Dataset records:
(* For every integer $n\geqslant3$, the generalized quaternion group $Q_{2^n}=\langle x,y\mid x^{2^{n-1}}=1,\ y^2=x^{2^{n-2}},\ x^y=x^{-1}\rangle$ has a $2$-power-free decomposition.
   Context: The power graph $\mathcal{P}(G)$ of a finite group $G$ has vertex set $G$, two distinct elements being adjacent when one is a power of the other. An $n$-power-free decomposition of $G$ ($n\geqslant1$) is a partition $G=C\uplus B_1\uplus\cdots\uplus B_n$ of $G$ into a cyclic $p$-subgroup $C$ of maximal order (for some prime $p$) and $n$ nonempty subsets $B_1,\ldots,B_n$ such that each $B_i$ is an independent set (pairwise nonadjacent vertices) of $\mathcal{P}(G)$ and $|B_i|>1$ for each $i$. *)

theory Defs
  imports "HOL-Algebra.Algebra"
begin

definition power_adj :: "('a, 'b) monoid_scheme \<Rightarrow> 'a \<Rightarrow> 'a \<Rightarrow> bool" where
  "power_adj G a b \<longleftrightarrow> a \<noteq> b \<and> ((\<exists>k::nat. a = b [^]\<^bsub>G\<^esub> k) \<or> (\<exists>k::nat. b = a [^]\<^bsub>G\<^esub> k))"

definition power_independent :: "('a, 'b) monoid_scheme \<Rightarrow> 'a set \<Rightarrow> bool" where
  "power_independent G B \<longleftrightarrow> B \<subseteq> carrier G \<and> (\<forall>a\<in>B. \<forall>b\<in>B. \<not> power_adj G a b)"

Activity:
Search the entries for the line holding "monoid_scheme \<Rightarrow> 'a set". Return that line and the ones after it through the last, exactly.

Output for this exercise:
definition power_independent :: "('a, 'b) monoid_scheme \<Rightarrow> 'a set \<Rightarrow> bool" where
  "power_independent G B \<longleftrightarrow> B \<subseteq> carrier G \<and> (\<forall>a\<in>B. \<forall>b\<in>B. \<not> power_adj G a b)"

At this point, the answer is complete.